Data items:

********

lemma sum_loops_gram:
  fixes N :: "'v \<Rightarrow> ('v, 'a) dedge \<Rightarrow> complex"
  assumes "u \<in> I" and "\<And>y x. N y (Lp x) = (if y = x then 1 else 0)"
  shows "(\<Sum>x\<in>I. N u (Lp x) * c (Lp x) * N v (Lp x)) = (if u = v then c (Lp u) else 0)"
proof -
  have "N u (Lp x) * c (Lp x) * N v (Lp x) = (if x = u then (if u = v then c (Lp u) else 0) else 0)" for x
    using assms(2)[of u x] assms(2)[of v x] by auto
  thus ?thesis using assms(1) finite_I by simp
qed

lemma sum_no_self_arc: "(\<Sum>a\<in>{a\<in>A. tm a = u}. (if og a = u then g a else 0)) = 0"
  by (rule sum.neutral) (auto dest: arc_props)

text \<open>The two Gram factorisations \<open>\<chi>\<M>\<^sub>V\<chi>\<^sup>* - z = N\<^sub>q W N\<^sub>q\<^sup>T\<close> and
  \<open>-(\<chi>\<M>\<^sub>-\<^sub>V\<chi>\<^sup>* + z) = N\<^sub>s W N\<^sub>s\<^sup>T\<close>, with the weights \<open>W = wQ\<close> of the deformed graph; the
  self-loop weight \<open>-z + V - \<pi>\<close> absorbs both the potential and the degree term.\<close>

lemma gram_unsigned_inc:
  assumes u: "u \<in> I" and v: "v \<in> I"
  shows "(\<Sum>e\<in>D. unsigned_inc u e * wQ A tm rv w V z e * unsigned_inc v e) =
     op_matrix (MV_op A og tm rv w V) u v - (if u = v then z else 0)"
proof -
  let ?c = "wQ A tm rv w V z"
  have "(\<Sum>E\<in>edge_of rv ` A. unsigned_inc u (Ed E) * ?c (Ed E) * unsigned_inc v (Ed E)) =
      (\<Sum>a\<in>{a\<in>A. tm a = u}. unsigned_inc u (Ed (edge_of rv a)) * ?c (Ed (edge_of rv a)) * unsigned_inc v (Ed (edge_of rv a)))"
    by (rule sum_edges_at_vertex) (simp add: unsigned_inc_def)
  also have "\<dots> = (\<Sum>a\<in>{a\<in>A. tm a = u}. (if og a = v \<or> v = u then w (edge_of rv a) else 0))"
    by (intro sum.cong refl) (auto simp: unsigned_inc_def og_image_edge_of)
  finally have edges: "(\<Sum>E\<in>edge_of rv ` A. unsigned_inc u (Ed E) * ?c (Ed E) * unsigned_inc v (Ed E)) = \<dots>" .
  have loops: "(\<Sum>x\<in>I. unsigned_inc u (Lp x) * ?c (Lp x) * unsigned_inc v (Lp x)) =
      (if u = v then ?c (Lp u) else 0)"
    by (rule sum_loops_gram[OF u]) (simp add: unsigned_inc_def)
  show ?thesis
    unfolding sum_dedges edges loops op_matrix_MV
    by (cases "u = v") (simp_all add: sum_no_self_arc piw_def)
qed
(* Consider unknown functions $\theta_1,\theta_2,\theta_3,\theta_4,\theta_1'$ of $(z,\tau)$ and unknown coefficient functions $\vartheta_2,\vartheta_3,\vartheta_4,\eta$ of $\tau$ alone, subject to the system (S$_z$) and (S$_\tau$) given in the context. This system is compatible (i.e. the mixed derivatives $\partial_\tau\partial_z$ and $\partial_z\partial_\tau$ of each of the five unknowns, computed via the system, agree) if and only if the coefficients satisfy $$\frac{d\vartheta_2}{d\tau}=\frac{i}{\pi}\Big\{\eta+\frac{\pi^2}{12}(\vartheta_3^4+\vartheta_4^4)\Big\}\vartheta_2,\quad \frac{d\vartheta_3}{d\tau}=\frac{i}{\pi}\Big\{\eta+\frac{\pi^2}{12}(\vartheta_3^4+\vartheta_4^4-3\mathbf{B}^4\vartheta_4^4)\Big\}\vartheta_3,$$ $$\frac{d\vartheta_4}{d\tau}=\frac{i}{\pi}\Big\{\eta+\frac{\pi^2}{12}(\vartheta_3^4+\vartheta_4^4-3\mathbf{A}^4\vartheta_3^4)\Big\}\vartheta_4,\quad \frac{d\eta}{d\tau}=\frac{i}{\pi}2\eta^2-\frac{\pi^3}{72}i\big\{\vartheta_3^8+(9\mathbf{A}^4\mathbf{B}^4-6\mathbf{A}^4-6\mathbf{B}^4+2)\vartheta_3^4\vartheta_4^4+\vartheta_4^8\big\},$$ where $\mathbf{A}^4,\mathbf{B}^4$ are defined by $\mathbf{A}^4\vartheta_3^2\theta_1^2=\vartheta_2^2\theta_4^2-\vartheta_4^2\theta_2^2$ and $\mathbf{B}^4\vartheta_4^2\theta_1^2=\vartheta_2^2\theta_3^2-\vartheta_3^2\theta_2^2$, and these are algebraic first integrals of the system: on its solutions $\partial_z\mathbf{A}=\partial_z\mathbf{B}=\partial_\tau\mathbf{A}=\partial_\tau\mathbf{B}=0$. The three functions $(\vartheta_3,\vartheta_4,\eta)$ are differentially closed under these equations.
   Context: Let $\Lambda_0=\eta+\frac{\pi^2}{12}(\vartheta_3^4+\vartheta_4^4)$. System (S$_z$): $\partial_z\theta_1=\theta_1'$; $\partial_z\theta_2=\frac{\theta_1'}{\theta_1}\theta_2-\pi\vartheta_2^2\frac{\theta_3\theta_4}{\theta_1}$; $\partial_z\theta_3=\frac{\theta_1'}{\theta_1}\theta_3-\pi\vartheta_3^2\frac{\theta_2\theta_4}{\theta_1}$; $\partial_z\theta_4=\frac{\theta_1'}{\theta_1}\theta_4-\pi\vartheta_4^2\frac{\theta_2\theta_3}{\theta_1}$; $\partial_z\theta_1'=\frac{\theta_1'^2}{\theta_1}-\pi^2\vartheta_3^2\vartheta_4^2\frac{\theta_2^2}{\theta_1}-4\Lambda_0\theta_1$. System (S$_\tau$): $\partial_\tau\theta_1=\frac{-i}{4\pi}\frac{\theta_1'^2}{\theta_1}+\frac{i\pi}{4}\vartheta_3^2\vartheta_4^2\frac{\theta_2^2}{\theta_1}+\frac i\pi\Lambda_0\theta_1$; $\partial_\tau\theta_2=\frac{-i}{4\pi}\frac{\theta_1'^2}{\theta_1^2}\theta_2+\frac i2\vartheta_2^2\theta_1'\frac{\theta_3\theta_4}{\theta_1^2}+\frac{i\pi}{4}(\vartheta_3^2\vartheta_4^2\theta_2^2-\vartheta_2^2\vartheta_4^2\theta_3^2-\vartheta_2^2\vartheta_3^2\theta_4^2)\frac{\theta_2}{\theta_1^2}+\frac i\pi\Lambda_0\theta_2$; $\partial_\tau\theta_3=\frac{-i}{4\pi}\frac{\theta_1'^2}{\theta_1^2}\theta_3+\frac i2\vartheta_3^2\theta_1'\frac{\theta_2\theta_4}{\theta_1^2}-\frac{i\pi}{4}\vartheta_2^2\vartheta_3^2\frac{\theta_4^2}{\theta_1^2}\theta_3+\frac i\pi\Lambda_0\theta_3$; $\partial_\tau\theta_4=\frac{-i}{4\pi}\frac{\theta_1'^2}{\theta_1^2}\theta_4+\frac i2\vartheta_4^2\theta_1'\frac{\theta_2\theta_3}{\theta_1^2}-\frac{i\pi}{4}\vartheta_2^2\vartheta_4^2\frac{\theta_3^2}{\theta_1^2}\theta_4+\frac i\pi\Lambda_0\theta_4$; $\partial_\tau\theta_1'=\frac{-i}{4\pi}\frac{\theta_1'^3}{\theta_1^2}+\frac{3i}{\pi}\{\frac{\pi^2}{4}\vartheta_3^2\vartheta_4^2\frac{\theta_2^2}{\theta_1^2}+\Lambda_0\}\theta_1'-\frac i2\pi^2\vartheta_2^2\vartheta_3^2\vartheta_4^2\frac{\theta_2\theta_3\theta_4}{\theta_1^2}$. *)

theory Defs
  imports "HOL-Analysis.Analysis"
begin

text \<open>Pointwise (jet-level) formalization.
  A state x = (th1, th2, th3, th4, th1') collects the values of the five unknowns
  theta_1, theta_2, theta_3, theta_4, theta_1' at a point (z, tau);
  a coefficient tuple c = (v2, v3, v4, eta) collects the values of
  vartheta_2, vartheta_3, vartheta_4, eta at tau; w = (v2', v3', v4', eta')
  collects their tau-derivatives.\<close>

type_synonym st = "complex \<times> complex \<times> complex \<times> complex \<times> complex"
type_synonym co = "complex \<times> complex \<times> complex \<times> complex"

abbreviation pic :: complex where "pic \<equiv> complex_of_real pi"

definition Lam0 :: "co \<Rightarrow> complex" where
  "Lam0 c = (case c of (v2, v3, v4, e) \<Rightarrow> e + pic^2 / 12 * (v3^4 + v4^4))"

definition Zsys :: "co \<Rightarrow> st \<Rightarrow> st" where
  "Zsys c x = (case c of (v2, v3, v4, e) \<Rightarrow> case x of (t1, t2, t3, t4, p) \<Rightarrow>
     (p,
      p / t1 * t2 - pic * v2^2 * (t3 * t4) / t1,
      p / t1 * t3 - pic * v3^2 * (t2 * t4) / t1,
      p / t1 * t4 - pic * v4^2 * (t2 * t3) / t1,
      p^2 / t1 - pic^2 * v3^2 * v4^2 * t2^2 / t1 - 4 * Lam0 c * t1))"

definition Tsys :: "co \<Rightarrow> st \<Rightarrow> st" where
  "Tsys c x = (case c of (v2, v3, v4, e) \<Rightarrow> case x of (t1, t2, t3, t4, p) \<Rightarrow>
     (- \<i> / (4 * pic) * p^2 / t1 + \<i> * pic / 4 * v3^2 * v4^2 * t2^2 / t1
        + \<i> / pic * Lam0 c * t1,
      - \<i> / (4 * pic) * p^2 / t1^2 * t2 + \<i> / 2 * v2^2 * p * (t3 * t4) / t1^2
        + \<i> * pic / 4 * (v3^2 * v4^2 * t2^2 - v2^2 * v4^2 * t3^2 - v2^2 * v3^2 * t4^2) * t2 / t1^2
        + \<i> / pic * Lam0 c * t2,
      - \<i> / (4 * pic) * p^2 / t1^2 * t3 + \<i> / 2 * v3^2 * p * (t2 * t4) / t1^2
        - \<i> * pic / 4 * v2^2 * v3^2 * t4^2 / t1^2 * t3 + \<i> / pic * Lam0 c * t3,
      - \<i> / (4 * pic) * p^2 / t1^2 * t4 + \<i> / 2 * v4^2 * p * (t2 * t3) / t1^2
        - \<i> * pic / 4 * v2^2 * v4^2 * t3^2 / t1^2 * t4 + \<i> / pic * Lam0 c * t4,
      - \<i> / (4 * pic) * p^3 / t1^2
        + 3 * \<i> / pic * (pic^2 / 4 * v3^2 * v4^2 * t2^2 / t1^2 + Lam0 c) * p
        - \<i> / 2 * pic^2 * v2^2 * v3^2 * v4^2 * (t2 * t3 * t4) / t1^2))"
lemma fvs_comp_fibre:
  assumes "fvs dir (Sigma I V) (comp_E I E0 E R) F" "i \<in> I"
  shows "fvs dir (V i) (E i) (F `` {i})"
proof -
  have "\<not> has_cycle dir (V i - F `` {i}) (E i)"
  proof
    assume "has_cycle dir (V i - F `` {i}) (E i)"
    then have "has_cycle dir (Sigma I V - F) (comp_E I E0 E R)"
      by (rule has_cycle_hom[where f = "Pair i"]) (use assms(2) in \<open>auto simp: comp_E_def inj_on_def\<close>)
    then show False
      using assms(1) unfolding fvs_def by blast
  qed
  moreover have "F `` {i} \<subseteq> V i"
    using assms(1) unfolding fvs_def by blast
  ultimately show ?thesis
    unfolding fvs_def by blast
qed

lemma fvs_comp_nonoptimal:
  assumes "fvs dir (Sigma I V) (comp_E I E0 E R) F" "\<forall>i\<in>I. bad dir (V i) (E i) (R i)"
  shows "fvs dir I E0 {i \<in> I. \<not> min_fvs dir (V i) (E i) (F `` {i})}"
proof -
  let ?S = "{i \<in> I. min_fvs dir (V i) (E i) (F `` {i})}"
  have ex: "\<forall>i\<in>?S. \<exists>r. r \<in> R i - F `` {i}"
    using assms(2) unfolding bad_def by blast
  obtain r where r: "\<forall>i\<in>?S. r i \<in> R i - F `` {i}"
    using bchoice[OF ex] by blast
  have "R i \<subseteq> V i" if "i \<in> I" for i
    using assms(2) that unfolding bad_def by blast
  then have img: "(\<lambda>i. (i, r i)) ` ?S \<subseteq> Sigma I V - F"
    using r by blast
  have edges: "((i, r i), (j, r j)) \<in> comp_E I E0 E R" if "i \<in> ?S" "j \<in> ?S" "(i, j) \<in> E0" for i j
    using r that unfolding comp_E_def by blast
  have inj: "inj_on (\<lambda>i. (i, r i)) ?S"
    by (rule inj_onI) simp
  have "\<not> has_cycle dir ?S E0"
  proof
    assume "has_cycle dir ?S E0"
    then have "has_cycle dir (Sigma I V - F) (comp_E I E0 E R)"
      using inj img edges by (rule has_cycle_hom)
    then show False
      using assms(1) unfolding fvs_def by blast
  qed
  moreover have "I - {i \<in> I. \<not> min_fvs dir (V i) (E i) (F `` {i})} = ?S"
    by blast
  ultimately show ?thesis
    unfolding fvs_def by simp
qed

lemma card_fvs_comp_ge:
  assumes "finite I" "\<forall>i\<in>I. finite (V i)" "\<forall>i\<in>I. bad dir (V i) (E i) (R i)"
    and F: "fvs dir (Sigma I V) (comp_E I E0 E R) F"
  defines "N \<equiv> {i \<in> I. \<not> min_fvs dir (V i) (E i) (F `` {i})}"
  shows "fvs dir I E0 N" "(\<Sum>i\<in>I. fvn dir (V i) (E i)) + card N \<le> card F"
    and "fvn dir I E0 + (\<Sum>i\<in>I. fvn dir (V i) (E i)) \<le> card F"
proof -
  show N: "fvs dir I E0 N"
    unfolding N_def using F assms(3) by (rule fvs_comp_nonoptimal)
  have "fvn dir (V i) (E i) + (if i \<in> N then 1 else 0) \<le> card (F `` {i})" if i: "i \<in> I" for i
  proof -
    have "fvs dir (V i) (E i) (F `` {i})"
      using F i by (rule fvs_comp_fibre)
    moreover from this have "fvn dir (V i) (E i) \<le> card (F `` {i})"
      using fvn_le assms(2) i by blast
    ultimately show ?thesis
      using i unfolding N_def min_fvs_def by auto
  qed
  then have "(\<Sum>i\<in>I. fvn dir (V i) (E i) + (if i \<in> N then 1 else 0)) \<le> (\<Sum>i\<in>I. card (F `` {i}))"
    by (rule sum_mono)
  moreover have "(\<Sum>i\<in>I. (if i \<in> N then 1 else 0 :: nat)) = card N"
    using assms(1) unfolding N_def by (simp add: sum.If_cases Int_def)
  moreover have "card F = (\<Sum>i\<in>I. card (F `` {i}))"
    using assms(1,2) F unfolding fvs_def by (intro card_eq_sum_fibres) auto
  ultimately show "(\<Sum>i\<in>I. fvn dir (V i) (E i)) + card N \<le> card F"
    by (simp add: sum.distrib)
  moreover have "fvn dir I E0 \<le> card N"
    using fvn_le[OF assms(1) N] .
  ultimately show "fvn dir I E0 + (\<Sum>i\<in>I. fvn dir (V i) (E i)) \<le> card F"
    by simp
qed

********

TASK STATEMENT: Supply the count of lines in the entries that include "complex", and no other text.

COMPLETED TASK: 5